Your assignment:
Beginning at the top of the data below, write out every line exactly until you reach the line with "j < n \<and>", and include that line.
[[ Records for this exercise open ]]
(* Let $G$ be a bipartite graph with $n$ vertices, at least one edge, and maximum vertex degree $\Delta$. Then $$EE(G) \ge 2\cosh\sqrt{\Delta} + (n-2),$$ with equality if and only if $G\cong S_n$ or $G\cong S_{\Delta+1}\cup (n-\Delta-1)K_1$.
   Context: All graphs are finite, simple and undirected. For a graph $G$ with adjacency matrix $A(G)$ having eigenvalues $\lambda_1\ge\cdots\ge\lambda_n$, the Estrada index is $EE(G)=\sum_{i=1}^n e^{\lambda_i}$. $S_k=K_{1,k-1}$ denotes the star on $k$ vertices; $\cup$ denotes disjoint union and $rK_1$ denotes $r$ isolated vertices. *)

theory Defs
  imports Complex_Main "Jordan_Normal_Form.Char_Poly"
begin

text \<open>A finite simple graph on the vertex set {0..<n}, given by an adjacency
  relation E (only its values on {0..<n} matter).\<close>
definition simple_graph :: "nat \<Rightarrow> (nat \<Rightarrow> nat \<Rightarrow> bool) \<Rightarrow> bool" where
  "simple_graph n E \<longleftrightarrow> (\<forall>i<n. \<forall>j<n. E i j \<longleftrightarrow> E j i) \<and> (\<forall>i<n. \<not> E i i)"

definition adj_matrix :: "nat \<Rightarrow> (nat \<Rightarrow> nat \<Rightarrow> bool) \<Rightarrow> real mat" where
  "adj_matrix n E = mat n n (\<lambda>(i, j). if E i j then 1 else 0)"

text \<open>Estrada index: sum of exp over the eigenvalues (with multiplicity) of the
  adjacency matrix, i.e. over the roots of its characteristic polynomial
  (all real since the matrix is real symmetric).\<close>
definition estrada_index :: "nat \<Rightarrow> (nat \<Rightarrow> nat \<Rightarrow> bool) \<Rightarrow> real" where
  "estrada_index n E = (\<Sum>x\<in>#proots (char_poly (adj_matrix n E)). exp x)"

definition degree :: "nat \<Rightarrow> (nat \<Rightarrow> nat \<Rightarrow> bool) \<Rightarrow> nat \<Rightarrow> nat" where
  "degree n E i = card {j. j < n \<and> E i j}"

definition max_degree :: "nat \<Rightarrow> (nat \<Rightarrow> nat \<Rightarrow> bool) \<Rightarrow> nat" where
  "max_degree n E = Max (degree n E ` {0..<n})"

definition bipartite :: "nat \<Rightarrow> (nat \<Rightarrow> nat \<Rightarrow> bool) \<Rightarrow> bool" where
  "bipartite n E \<longleftrightarrow> (\<exists>c :: nat \<Rightarrow> bool. \<forall>i<n. \<forall>j<n. E i j \<longrightarrow> c i \<noteq> c j)"

definition has_edge :: "nat \<Rightarrow> (nat \<Rightarrow> nat \<Rightarrow> bool) \<Rightarrow> bool" where
  "has_edge n E \<longleftrightarrow> (\<exists>i<n. \<exists>j<n. E i j)"

definition graph_iso :: "nat \<Rightarrow> (nat \<Rightarrow> nat \<Rightarrow> bool) \<Rightarrow> (nat \<Rightarrow> nat \<Rightarrow> bool) \<Rightarrow> bool" where
  "graph_iso n E F \<longleftrightarrow> (\<exists>f. bij_betw f {0..<n} {0..<n} \<and>
      (\<forall>i<n. \<forall>j<n. E i j \<longleftrightarrow> F (f i) (f j)))"

text \<open>Star S_k = K_{1,k-1} on vertices {0..<k} (centre 0), together with isolated
  vertices k, k+1, ... (when viewed on a larger vertex set {0..<n}, this is
  S_k \<union> (n-k)K_1).\<close>
definition star_plus_isolated :: "nat \<Rightarrow> nat \<Rightarrow> nat \<Rightarrow> bool" where
  "star_plus_isolated k i j \<longleftrightarrow> i < k \<and> j < k \<and> i \<noteq> j \<and> (i = 0 \<or> j = 0)"

end

theory Submission
  imports Defs "Jordan_Normal_Form.Schur_Decomposition"
begin

text \<open>Let \<open>u\<close> be a vertex of maximum degree \<open>\<Delta>\<close>. The \<open>\<Delta>\<close> edges at \<open>u\<close> form a spanning
  subgraph of \<open>G\<close>, a star plus isolated vertices, whose adjacency matrix satisfies \<open>A\<^sup>3 = \<Delta> A\<close>;
  hence \<open>tr A\<^sup>k = \<surd>\<Delta>\<^sup>k + (-\<surd>\<Delta>)\<^sup>k\<close> for \<open>k \<ge> 1\<close> and its Estrada index is \<open>2 cosh \<surd>\<Delta> + n - 2\<close>.
  For any graph, \<open>EE = \<Sum>\<^sub>k tr A\<^sup>k / k!\<close> (a real symmetric matrix has real eigenvalues and is
  triangularisable over the reals), and \<open>tr A\<^sup>k\<close> counts closed walks, so it can only grow when
  edges are added. Thus \<open>EE(G) \<ge> 2 cosh \<surd>\<Delta> + n - 2\<close>, and since \<open>tr A\<^sup>2\<close> is the degree sum,
  equality holds exactly when every edge of \<open>G\<close> is incident to \<open>u\<close>.\<close>

section \<open>Traces of powers and spectra of real symmetric matrices\<close>

definition trace :: "'a::comm_ring_1 mat \<Rightarrow> 'a" where
  "trace A = (\<Sum>i = 0..<dim_row A. A $$ (i,i))"

lemma trace_mult_comm:
  assumes "A \<in> carrier_mat n m" and "B \<in> carrier_mat m n"
  shows "trace (A * B) = trace (B * A)"
proof -
  have "trace (A * B) = (\<Sum>i = 0..<n. \<Sum>l = 0..<m. A $$ (i,l) * B $$ (l,i))"
    unfolding trace_def using assms by (auto simp: scalar_prod_def intro!: sum.cong)
  also have "\<dots> = (\<Sum>l = 0..<m. \<Sum>i = 0..<n. B $$ (l,i) * A $$ (i,l))"
    by (subst sum.swap) (simp add: mult.commute)
  also have "\<dots> = trace (B * A)"
    unfolding trace_def using assms by (auto simp: scalar_prod_def intro!: sum.cong)
  finally show ?thesis .
qed

lemma trace_one_mat: "trace (1\<^sub>m n) = of_nat n"
  unfolding trace_def by simp

lemma trace_smult: "A \<in> carrier_mat n n \<Longrightarrow> trace (c \<cdot>\<^sub>m A) = c * trace A"
  unfolding trace_def by (simp add: sum_distrib_left)

lemma upper_triangular_mult:
  fixes A B :: "'a::comm_ring_1 mat"
  assumes A: "A \<in> carrier_mat n n" and B: "B \<in> carrier_mat n n"
    and utA: "upper_triangular A" and utB: "upper_triangular B"
  shows "upper_triangular (A * B)"
    and "i < n \<Longrightarrow> (A * B) $$ (i,i) = A $$ (i,i) * B $$ (i,i)"
proof -
  have A0: "A $$ (i,l) = 0" and B0: "B $$ (i,l) = 0" if "i < n" "l < i" for i l
    using that A B utA utB by auto
  have entry: "(A * B) $$ (i,j) = (\<Sum>l = 0..<n. A $$ (i,l) * B $$ (l,j))" if "i < n" "j < n" for i j
    using that A B by (auto simp: scalar_prod_def intro!: sum.cong)
  show "upper_triangular (A * B)"
  proof
    fix i j assume "i < dim_row (A * B)" and ji: "j < i"
    then have i: "i < n" using A by simp
    have "A $$ (i,l) * B $$ (l,j) = 0" if "l < n" for l
      using A0[OF i] B0[OF that] ji by (cases "l < i") auto
    then show "(A * B) $$ (i,j) = 0"
      using entry[OF i] i ji by simp
  qed
  assume i: "i < n"
  have "A $$ (i,l) * B $$ (l,i) = 0" if "l < n" "l \<noteq> i" for l
    using A0[OF i] B0[OF that(1)] that by (cases "l < i") auto
  then show "(A * B) $$ (i,i) = A $$ (i,i) * B $$ (i,i)"
    using i by (simp add: entry sum.remove[of _ i] sum.neutral)
qed

lemma upper_triangular_pow:
  fixes A :: "'a::comm_ring_1 mat"
  assumes A: "A \<in> carrier_mat n n" and ut: "upper_triangular A"
  shows "upper_triangular (A ^\<^sub>m k) \<and> (\<forall>i<n. (A ^\<^sub>m k) $$ (i,i) = A $$ (i,i) ^ k)"
proof (induction k)
  case 0
  show ?case using A by auto
next
  case (Suc k)
  have "A ^\<^sub>m k \<in> carrier_mat n n" using A by simp
  with Suc upper_triangular_mult[OF _ A _ ut] show ?case by simp
qed

lemma pow_mat_shift_of_cube:
  fixes A :: "'a::comm_ring_1 mat"
  assumes A: "A \<in> carrier_mat n n" and cube: "A * A * A = c \<cdot>\<^sub>m A"
  shows "A ^\<^sub>m Suc (Suc (Suc k)) = c \<cdot>\<^sub>m A ^\<^sub>m Suc k"
proof (induction k)
  case 0
  show ?case using A cube by (simp add: left_mult_one_mat)
next
  case (Suc k)
  have "A ^\<^sub>m Suc (Suc (Suc (Suc k))) = A ^\<^sub>m Suc (Suc (Suc k)) * A"
    by (rule pow_mat.simps(2))
  also have "\<dots> = (c \<cdot>\<^sub>m A ^\<^sub>m Suc k) * A"
    unfolding Suc ..
  also have "\<dots> = c \<cdot>\<^sub>m A ^\<^sub>m Suc (Suc k)"
    by (simp, rule mult_smult_assoc_mat) (use A in auto)
  finally show ?case .
qed

lemma trace_pow_eq_power_sum_roots:
  fixes A :: "'a::conjugatable_ordered_field mat"
  assumes A: "A \<in> carrier_mat n n" and cp: "char_poly A = (\<Prod>c\<leftarrow>cs. [:- c, 1:])"
  shows "trace (A ^\<^sub>m k) = (\<Sum>c\<leftarrow>cs. c ^ k)"
proof -
  obtain B P Q where schur: "schur_decomposition A cs = (B,P,Q)"
    by (cases "schur_decomposition A cs") auto
  from schur_decomposition[OF A cp schur]
  have wit: "similar_mat_wit A B P Q" and ut: "upper_triangular B" and dg: "diag_mat B = cs"
    by auto
  from similar_mat_witD2[OF A wit] have B: "B \<in> carrier_mat n n" and P: "P \<in> carrier_mat n n"
    and Q: "Q \<in> carrier_mat n n" and QP: "Q * P = 1\<^sub>m n" by auto
  have len: "length cs = n" using dg B by (auto simp: diag_mat_def)
  have Bk: "B ^\<^sub>m k \<in> carrier_mat n n" using B by simp
  have "trace (A ^\<^sub>m k) = trace (P * B ^\<^sub>m k * Q)"
    by (simp add: similar_mat_wit_pow_id[OF wit])
  also have "\<dots> = trace (Q * (P * B ^\<^sub>m k))"
    using P Bk Q by (intro trace_mult_comm) auto
  also have "Q * (P * B ^\<^sub>m k) = B ^\<^sub>m k"
    using P Bk Q QP by (simp add: left_mult_one_mat flip: assoc_mult_mat)
  also have "trace (B ^\<^sub>m k) = (\<Sum>i = 0..<n. (cs ! i) ^ k)"
    unfolding trace_def using upper_triangular_pow[OF B ut] B dg
    by (intro sum.cong) (auto simp: diag_mat_def)
  also have "\<dots> = (\<Sum>c\<leftarrow>cs. c ^ k)"
    using len by (simp add: sum_list_sum_nth)
  finally show ?thesis .
qed

lemma eigenvalue_real_symmetric:
  fixes A :: "real mat"
  assumes A: "A \<in> carrier_mat n n"
    and sym: "\<And>i j. i < n \<Longrightarrow> j < n \<Longrightarrow> A $$ (i,j) = A $$ (j,i)"
    and ev: "eigenvalue (map_mat complex_of_real A) c"
  shows "Im c = 0"
proof -
  let ?Ac = "map_mat complex_of_real A"
  obtain v where "eigenvector ?Ac v c" using ev unfolding eigenvalue_def by blast
  then have v: "v \<in> carrier_vec n" and v0: "v \<noteq> 0\<^sub>v n" and eq: "?Ac *\<^sub>v v = c \<cdot>\<^sub>v v"
    using A unfolding eigenvector_def by auto
  \<comment> \<open>\<open>s = v\<^sup>* A v = c |v|\<^sup>2\<close> is real because \<open>A\<close> is real symmetric\<close>
  define s where "s = (\<Sum>i = 0..<n. cnj (v $ i) * (?Ac *\<^sub>v v) $ i)"
  define N where "N = (\<Sum>i = 0..<n. (cmod (v $ i))\<^sup>2)"
  have s_expand: "s = (\<Sum>i = 0..<n. \<Sum>j = 0..<n. cnj (v $ i) * of_real (A $$ (i,j)) * v $ j)"
    unfolding s_def using v A
    by (auto simp: scalar_prod_def sum_distrib_left mult.assoc intro!: sum.cong)
  have "cnj s = (\<Sum>i = 0..<n. \<Sum>j = 0..<n. v $ i * of_real (A $$ (i,j)) * cnj (v $ j))"
    unfolding s_expand by (simp add: cnj_sum)
  also have "\<dots> = (\<Sum>j = 0..<n. \<Sum>i = 0..<n. v $ i * of_real (A $$ (i,j)) * cnj (v $ j))"
    by (rule sum.swap)
  also have "\<dots> = s"
    unfolding s_expand by (intro sum.cong refl) (auto simp: sym mult.commute mult.left_commute)
  finally have "Im s = 0" by (metis Im_complex_of_real Reals_cnj_iff complex_is_Real_iff)
  moreover have "s = c * of_real N"
    unfolding s_def N_def eq of_real_sum using v
    by (auto simp: sum_distrib_left complex_norm_square mult.commute simp del: of_real_power intro!: sum.cong)
  moreover have "N > 0"
  proof -
    have "\<exists>i<n. v $ i \<noteq> 0"
    proof (rule ccontr)
      assume "\<not> ?thesis"
      then have "v = 0\<^sub>v n" using v by (intro eq_vecI) auto
      with v0 show False ..
    qed
    then obtain i where "i < n" "v $ i \<noteq> 0" by blast
    then show ?thesis unfolding N_def by (intro sum_pos2[of _ i]) auto
  qed
  ultimately show ?thesis by simp
qed

lemma char_poly_real_symmetric_splits:
  fixes A :: "real mat"
  assumes A: "A \<in> carrier_mat n n"
    and sym: "\<And>i j. i < n \<Longrightarrow> j < n \<Longrightarrow> A $$ (i,j) = A $$ (j,i)"
  obtains es where "char_poly A = (\<Prod>e\<leftarrow>es. [:- e, 1:])"
proof -
  interpret of_real_poly: map_poly_inj_idom_hom complex_of_real ..
  let ?Ac = "map_mat complex_of_real A"
  have Ac: "?Ac \<in> carrier_mat n n" using A by simp
  obtain cs where cp: "char_poly ?Ac = (\<Prod>c\<leftarrow>cs. [:- c, 1:])"
    using char_poly_factorized[OF Ac] by blast
  have "Im c = 0" if "c \<in> set cs" for c
  proof -
    have "poly (char_poly ?Ac) c = 0"
      unfolding cp poly_prod_list using that by (induction cs) auto
    then show ?thesis
      using eigenvalue_root_char_poly[OF Ac] eigenvalue_real_symmetric[OF A sym] by blast
  qed
  then have cs: "cs = map complex_of_real (map Re cs)"
    by (induction cs) (auto simp: complex_eq_iff)
  have "map_poly complex_of_real (char_poly A) = char_poly ?Ac"
    by (rule of_real_hom.char_poly_hom[OF A, symmetric])
  also have "\<dots> = map_poly complex_of_real (\<Prod>e\<leftarrow>map Re cs. [:- e, 1:])"
    unfolding cp by (subst cs) (simp add: of_real_poly.hom_prod_list o_def)
  finally have "char_poly A = (\<Prod>e\<leftarrow>map Re cs. [:- e, 1:])" by simp
  then show ?thesis by (rule that)
qed

lemma proots_prod_linear_factors: "proots (\<Prod>e\<leftarrow>es. [:- e, 1:]) = mset (es :: 'a :: idom list)"
proof (induction es)
  case (Cons a es)
  have "(\<Prod>e\<leftarrow>es. [:- e, 1:]) \<noteq> (0 :: 'a poly)" by (auto simp: prod_list_zero_iff)
  then show ?case using Cons by (simp add: proots_mult del: mult_pCons_left)
qed simp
[[ Records for this exercise closed ]]
Solution for this problem:
(* Let $G$ be a bipartite graph with $n$ vertices, at least one edge, and maximum vertex degree $\Delta$. Then $$EE(G) \ge 2\cosh\sqrt{\Delta} + (n-2),$$ with equality if and only if $G\cong S_n$ or $G\cong S_{\Delta+1}\cup (n-\Delta-1)K_1$.
   Context: All graphs are finite, simple and undirected. For a graph $G$ with adjacency matrix $A(G)$ having eigenvalues $\lambda_1\ge\cdots\ge\lambda_n$, the Estrada index is $EE(G)=\sum_{i=1}^n e^{\lambda_i}$. $S_k=K_{1,k-1}$ denotes the star on $k$ vertices; $\cup$ denotes disjoint union and $rK_1$ denotes $r$ isolated vertices. *)

theory Defs
  imports Complex_Main "Jordan_Normal_Form.Char_Poly"
begin

text \<open>A finite simple graph on the vertex set {0..<n}, given by an adjacency
  relation E (only its values on {0..<n} matter).\<close>
definition simple_graph :: "nat \<Rightarrow> (nat \<Rightarrow> nat \<Rightarrow> bool) \<Rightarrow> bool" where
  "simple_graph n E \<longleftrightarrow> (\<forall>i<n. \<forall>j<n. E i j \<longleftrightarrow> E j i) \<and> (\<forall>i<n. \<not> E i i)"

definition adj_matrix :: "nat \<Rightarrow> (nat \<Rightarrow> nat \<Rightarrow> bool) \<Rightarrow> real mat" where
  "adj_matrix n E = mat n n (\<lambda>(i, j). if E i j then 1 else 0)"

text \<open>Estrada index: sum of exp over the eigenvalues (with multiplicity) of the
  adjacency matrix, i.e. over the roots of its characteristic polynomial
  (all real since the matrix is real symmetric).\<close>
definition estrada_index :: "nat \<Rightarrow> (nat \<Rightarrow> nat \<Rightarrow> bool) \<Rightarrow> real" where
  "estrada_index n E = (\<Sum>x\<in>#proots (char_poly (adj_matrix n E)). exp x)"

definition degree :: "nat \<Rightarrow> (nat \<Rightarrow> nat \<Rightarrow> bool) \<Rightarrow> nat \<Rightarrow> nat" where
  "degree n E i = card {j. j < n \<and> E i j}"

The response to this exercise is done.